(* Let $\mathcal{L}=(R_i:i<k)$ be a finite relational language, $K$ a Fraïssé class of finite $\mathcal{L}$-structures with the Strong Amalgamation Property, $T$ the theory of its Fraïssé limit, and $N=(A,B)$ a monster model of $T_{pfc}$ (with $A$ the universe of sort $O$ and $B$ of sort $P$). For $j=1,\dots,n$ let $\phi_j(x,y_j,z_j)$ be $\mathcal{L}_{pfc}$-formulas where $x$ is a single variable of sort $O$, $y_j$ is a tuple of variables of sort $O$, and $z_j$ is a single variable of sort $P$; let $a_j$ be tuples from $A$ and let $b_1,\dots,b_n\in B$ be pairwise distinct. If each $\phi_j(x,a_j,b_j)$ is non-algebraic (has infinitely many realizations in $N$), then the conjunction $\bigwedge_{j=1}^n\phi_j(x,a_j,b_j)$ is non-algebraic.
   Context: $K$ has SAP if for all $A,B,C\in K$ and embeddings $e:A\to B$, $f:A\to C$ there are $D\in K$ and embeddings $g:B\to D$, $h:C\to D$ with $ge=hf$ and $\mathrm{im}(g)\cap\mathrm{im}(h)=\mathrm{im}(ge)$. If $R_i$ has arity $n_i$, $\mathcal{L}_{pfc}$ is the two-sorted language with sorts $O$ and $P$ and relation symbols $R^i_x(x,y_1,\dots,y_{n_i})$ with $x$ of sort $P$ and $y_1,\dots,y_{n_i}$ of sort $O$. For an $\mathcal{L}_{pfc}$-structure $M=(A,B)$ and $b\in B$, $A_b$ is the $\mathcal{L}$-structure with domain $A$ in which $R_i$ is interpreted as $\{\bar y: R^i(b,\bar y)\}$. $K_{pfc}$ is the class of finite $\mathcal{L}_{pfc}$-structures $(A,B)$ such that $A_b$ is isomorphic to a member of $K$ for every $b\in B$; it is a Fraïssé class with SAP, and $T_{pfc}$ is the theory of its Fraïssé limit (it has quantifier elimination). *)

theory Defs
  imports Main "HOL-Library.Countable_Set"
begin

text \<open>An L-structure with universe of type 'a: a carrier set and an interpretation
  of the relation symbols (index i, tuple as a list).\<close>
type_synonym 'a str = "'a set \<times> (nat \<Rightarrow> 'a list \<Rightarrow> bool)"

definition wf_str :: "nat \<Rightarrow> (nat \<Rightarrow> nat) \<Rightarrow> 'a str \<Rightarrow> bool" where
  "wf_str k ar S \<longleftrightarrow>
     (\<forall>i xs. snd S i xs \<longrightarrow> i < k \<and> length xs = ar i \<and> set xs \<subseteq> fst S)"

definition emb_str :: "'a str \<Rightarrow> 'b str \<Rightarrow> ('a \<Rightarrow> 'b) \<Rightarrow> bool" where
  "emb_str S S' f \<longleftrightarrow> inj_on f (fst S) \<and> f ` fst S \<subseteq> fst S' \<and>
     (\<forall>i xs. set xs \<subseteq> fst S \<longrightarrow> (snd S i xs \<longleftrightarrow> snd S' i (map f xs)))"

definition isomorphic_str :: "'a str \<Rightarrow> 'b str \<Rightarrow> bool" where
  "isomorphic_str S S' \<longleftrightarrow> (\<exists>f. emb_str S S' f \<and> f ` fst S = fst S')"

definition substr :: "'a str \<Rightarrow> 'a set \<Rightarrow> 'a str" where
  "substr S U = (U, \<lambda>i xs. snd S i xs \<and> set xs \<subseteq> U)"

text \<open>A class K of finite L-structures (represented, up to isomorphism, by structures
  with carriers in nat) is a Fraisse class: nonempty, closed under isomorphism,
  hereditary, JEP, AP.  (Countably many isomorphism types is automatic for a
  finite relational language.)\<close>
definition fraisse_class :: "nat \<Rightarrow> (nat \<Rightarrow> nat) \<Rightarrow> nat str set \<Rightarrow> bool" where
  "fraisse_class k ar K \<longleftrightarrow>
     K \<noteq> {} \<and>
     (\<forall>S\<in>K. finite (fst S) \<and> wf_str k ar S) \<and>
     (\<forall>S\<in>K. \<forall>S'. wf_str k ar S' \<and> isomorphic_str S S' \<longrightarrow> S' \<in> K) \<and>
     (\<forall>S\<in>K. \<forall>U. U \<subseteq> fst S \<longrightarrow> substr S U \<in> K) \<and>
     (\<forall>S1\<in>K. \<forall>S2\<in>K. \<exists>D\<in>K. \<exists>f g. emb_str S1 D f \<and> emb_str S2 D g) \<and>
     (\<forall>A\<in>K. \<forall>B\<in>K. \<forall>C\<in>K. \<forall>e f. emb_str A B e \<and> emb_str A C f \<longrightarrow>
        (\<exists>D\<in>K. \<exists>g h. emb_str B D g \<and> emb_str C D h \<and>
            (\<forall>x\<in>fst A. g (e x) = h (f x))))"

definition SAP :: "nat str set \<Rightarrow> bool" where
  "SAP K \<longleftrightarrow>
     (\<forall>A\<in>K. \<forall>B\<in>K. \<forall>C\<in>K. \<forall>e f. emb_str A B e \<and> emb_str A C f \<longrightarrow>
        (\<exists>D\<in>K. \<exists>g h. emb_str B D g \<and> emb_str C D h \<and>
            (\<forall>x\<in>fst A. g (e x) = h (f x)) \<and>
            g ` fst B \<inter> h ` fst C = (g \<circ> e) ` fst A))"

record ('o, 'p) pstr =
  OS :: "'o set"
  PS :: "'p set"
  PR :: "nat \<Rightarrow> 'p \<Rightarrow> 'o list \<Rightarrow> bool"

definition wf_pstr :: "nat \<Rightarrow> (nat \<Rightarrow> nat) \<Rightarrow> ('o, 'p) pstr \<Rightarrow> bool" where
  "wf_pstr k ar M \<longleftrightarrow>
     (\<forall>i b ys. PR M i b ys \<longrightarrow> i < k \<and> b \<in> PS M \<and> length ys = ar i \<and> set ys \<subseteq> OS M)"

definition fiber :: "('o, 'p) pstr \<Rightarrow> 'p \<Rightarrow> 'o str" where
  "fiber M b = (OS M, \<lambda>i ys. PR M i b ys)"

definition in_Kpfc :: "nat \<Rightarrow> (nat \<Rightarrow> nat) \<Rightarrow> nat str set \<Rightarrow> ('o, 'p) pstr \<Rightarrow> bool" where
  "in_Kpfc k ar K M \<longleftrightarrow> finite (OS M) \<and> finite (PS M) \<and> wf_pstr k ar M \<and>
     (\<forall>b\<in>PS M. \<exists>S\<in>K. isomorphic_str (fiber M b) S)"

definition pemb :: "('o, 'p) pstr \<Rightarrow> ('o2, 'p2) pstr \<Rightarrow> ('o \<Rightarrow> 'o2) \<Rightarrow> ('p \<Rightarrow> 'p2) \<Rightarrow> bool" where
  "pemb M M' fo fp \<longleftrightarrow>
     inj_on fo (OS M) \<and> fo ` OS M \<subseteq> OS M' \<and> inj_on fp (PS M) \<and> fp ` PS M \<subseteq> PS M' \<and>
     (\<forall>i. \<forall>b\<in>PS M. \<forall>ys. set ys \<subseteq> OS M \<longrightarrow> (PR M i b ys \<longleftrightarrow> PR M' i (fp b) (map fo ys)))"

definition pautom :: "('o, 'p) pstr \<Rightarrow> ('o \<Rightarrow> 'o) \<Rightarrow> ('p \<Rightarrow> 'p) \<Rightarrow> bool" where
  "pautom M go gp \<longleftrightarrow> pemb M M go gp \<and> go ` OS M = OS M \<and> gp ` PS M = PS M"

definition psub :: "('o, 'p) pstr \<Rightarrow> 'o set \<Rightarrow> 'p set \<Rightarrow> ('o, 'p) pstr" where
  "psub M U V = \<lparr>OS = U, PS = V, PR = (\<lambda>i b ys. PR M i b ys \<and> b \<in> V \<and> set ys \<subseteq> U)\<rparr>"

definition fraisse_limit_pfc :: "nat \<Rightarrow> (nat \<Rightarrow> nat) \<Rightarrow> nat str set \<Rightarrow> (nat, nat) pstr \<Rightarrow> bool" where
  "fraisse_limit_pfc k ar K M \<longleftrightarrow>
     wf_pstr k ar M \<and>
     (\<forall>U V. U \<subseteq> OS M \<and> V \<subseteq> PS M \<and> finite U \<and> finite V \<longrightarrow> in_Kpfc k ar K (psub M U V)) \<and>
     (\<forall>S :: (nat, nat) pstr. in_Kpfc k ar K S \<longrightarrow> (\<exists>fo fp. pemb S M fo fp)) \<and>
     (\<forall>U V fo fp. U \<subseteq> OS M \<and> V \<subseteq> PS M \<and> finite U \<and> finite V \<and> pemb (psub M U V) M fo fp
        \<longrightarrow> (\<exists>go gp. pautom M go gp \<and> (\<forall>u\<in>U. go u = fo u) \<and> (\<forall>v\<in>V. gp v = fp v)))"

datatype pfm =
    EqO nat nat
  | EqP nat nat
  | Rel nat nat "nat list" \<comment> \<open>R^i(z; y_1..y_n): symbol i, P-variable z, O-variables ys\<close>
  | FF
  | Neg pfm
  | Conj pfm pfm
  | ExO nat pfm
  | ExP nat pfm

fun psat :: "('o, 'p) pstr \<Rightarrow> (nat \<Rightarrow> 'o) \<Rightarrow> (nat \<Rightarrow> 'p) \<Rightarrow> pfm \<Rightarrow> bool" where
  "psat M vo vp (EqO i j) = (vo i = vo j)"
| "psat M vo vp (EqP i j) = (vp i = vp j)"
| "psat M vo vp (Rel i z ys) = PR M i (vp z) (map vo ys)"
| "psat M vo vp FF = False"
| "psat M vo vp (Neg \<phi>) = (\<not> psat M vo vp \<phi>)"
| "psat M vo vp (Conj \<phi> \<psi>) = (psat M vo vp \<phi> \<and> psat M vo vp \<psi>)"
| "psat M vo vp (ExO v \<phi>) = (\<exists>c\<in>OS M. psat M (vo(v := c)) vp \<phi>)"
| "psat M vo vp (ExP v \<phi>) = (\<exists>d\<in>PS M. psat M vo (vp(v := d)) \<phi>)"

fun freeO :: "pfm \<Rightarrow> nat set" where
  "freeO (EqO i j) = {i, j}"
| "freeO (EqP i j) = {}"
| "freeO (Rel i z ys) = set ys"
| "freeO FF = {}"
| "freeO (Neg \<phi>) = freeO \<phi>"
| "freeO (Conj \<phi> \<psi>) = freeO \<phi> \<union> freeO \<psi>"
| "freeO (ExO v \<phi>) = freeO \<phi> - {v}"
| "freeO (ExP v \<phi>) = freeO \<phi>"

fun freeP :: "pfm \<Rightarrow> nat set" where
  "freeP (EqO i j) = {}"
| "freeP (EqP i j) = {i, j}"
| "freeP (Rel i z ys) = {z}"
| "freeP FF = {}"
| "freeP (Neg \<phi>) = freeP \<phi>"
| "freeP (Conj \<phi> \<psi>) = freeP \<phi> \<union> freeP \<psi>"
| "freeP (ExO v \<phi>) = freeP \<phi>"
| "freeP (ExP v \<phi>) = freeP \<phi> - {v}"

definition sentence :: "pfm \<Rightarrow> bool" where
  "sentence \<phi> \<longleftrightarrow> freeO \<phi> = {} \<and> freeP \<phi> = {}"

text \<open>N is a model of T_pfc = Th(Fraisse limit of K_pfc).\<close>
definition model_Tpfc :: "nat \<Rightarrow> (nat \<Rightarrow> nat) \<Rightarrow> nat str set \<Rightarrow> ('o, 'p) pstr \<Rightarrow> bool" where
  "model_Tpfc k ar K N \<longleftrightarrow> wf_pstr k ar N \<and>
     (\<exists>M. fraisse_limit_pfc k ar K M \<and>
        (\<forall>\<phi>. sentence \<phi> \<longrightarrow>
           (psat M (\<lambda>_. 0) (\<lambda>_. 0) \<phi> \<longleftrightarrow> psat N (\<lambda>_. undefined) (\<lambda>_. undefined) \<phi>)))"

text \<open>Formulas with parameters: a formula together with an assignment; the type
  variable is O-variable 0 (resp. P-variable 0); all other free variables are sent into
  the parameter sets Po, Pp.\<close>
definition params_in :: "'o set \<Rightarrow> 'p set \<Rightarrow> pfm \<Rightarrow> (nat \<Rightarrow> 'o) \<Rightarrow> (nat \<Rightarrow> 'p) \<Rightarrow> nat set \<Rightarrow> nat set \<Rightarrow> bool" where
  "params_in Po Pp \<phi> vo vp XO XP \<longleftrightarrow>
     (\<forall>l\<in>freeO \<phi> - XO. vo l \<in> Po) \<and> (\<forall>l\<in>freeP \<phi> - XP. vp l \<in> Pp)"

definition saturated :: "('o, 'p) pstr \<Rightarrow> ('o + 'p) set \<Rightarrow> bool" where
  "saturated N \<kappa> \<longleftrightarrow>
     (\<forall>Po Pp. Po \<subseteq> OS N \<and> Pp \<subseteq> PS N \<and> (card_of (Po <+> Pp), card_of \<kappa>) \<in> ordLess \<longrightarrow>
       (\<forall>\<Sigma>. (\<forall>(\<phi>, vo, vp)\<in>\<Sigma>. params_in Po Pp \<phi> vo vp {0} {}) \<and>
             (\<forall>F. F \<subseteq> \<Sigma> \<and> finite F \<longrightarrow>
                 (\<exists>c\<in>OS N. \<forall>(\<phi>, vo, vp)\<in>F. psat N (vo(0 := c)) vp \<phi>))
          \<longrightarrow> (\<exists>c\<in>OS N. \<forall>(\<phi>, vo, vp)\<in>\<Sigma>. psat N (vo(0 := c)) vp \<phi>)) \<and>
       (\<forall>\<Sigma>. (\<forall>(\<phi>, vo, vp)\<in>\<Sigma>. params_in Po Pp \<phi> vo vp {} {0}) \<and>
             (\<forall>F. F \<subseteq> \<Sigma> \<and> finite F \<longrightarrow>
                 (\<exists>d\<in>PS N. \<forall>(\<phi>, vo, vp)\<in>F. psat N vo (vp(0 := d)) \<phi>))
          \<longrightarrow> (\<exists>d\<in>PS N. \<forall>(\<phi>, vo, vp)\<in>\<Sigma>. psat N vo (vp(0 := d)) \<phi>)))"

* * *

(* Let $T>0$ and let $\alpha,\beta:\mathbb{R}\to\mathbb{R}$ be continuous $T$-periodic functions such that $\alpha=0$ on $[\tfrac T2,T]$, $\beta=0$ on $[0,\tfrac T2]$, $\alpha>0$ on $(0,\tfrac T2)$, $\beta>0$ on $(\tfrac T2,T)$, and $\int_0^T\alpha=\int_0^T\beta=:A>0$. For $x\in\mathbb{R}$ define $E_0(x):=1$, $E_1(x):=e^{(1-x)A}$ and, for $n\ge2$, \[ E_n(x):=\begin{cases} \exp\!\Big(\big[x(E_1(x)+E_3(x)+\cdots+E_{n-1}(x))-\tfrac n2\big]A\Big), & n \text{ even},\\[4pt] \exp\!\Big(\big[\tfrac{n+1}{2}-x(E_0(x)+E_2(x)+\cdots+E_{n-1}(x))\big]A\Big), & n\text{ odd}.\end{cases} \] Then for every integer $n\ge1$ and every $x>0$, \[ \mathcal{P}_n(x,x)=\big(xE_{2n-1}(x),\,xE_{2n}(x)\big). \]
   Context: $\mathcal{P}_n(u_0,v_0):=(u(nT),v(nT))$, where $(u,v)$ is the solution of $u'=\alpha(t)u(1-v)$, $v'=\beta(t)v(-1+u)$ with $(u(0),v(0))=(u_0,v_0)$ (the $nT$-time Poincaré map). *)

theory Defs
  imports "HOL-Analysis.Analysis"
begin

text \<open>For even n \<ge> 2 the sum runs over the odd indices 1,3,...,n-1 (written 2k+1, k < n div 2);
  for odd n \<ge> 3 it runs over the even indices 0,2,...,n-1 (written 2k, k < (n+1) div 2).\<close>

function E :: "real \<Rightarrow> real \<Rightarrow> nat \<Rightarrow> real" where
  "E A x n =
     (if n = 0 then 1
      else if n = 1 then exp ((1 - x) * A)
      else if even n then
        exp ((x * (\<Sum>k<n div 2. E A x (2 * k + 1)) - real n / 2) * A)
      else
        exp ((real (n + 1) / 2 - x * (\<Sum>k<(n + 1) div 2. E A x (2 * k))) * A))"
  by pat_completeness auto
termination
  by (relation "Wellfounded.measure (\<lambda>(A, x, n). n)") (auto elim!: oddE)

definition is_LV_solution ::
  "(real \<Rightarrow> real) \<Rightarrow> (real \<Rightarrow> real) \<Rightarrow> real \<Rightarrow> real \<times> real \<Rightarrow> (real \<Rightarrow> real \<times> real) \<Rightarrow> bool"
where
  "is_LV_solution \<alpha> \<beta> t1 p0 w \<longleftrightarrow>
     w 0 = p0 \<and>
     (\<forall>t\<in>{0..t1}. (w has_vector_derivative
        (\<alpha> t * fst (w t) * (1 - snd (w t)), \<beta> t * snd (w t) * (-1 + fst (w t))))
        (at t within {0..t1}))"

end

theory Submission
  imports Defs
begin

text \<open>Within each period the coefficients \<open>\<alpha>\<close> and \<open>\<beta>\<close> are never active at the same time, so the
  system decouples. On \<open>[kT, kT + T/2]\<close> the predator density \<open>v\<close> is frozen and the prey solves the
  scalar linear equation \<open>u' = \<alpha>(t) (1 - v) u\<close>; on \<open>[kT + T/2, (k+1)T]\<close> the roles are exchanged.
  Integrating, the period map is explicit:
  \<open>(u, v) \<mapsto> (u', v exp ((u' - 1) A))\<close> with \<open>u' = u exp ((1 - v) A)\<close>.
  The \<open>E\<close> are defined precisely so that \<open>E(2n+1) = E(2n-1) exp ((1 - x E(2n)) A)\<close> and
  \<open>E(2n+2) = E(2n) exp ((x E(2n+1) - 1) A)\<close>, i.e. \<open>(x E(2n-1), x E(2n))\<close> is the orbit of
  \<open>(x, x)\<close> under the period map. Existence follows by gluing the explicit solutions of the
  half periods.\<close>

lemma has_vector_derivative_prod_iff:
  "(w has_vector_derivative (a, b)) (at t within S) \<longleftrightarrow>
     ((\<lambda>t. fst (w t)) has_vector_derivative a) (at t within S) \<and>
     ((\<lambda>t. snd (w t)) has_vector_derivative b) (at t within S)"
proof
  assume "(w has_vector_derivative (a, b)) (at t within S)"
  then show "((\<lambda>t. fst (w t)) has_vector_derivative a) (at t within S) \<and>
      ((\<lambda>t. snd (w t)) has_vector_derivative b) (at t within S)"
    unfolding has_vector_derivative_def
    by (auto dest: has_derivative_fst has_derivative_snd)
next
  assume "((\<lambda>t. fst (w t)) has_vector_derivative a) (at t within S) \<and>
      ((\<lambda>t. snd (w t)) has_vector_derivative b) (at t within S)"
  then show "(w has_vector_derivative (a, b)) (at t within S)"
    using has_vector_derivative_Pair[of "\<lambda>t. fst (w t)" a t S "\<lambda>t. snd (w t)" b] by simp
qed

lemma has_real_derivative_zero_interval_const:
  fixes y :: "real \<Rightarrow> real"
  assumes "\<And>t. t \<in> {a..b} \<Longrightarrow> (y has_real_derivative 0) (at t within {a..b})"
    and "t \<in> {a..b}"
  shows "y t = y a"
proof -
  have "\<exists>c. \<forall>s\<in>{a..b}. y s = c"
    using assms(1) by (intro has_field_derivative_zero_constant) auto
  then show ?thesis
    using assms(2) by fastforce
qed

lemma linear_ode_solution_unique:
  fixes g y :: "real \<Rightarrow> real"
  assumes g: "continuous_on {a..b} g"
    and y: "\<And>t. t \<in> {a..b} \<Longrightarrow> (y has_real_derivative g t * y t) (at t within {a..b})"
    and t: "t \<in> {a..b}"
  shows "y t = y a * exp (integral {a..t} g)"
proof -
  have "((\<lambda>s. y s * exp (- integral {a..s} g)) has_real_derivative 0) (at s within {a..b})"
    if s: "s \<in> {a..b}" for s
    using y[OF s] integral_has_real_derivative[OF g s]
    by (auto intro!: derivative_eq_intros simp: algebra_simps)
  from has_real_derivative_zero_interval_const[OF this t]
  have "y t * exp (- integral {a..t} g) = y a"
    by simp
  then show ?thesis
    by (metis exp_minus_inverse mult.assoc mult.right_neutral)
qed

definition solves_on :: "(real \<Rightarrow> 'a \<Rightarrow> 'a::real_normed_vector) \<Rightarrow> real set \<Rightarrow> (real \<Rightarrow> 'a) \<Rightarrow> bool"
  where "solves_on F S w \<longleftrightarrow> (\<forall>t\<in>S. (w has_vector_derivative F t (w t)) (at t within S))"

---

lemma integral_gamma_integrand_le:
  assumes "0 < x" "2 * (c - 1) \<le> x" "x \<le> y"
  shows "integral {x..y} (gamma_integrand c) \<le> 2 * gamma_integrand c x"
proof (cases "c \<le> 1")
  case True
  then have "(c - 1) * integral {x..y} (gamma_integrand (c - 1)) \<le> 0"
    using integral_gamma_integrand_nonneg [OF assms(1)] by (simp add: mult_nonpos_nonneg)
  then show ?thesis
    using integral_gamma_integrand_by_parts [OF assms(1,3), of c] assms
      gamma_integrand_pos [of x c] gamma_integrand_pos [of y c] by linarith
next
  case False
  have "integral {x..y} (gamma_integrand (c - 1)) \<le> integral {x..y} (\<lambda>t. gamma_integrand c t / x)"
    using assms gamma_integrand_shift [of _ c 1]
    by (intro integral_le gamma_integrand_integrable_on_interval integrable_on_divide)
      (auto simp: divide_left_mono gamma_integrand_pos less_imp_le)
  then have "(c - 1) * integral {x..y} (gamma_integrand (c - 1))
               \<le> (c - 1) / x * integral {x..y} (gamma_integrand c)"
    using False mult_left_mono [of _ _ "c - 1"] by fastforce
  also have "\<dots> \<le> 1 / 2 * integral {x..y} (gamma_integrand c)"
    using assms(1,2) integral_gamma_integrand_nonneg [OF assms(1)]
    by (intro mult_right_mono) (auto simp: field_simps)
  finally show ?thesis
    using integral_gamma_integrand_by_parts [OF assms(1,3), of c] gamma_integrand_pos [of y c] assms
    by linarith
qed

TASK DESCRIPTION: In the records above, find the lines containing "else" and copy them.

ANSWER BOX:
      else if n = 1 then exp ((1 - x) * A)
      else if even n then
      else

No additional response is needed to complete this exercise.